Assignment: Please tally the lines in the data below that include the string "blast", and reply with only the total.

Exercise input:
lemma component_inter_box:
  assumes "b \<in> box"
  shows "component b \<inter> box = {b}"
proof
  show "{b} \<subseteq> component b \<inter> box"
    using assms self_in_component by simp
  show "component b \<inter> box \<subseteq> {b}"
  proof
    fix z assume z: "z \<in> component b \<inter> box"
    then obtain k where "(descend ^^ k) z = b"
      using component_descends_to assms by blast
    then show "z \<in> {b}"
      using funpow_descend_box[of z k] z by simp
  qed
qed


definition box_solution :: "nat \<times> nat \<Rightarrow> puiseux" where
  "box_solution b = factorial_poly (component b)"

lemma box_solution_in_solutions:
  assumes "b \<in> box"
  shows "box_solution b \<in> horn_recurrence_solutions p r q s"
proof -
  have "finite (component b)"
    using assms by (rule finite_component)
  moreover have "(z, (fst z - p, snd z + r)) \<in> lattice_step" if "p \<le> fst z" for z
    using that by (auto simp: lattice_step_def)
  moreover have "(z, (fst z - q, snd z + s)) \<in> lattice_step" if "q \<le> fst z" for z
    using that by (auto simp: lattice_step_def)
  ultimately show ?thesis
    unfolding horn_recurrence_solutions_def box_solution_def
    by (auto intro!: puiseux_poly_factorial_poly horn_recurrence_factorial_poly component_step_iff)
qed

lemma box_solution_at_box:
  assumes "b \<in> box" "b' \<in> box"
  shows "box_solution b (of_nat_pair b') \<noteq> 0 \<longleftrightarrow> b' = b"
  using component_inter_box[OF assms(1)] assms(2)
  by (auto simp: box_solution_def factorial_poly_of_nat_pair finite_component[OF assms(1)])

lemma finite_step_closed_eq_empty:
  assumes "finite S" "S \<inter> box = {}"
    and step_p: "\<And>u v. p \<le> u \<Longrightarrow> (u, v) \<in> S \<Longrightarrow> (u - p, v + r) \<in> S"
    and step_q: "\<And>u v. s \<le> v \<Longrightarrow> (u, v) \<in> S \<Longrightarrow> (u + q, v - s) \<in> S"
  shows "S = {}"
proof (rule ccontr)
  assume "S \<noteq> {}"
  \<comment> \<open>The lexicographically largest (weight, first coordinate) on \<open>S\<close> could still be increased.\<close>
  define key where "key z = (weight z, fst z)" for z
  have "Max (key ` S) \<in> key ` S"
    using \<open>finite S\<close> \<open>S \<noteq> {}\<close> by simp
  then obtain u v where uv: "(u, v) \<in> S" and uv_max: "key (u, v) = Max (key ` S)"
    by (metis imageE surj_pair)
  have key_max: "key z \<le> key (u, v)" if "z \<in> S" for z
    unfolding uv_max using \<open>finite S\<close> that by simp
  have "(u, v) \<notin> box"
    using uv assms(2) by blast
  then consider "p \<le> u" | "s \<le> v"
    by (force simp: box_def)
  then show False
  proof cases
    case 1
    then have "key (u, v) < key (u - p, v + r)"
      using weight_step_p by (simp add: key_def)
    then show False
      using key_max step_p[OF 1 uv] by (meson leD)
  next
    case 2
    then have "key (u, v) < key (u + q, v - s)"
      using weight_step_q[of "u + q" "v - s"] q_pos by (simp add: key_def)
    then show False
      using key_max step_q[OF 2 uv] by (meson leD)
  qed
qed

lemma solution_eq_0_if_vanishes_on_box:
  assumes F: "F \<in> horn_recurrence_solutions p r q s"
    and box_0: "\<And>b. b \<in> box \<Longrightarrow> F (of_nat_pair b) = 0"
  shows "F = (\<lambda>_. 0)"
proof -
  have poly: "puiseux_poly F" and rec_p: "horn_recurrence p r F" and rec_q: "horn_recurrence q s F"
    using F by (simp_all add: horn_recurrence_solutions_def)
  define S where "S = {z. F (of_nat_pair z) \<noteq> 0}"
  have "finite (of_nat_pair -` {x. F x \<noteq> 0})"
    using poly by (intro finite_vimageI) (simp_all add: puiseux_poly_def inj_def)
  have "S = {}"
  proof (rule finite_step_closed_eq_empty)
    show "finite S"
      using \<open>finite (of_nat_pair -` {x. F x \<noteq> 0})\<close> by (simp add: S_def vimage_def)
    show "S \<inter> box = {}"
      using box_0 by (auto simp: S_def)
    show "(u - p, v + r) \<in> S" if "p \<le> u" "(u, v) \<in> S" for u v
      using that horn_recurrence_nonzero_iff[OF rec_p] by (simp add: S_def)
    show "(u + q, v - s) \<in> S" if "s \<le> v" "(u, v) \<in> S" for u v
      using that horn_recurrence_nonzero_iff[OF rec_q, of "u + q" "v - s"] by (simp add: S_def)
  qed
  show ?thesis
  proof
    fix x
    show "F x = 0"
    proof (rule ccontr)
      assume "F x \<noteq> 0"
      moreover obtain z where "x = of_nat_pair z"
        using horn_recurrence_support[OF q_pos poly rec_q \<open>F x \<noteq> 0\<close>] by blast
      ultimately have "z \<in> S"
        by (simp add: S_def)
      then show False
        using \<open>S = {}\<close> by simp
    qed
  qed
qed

Task result: 3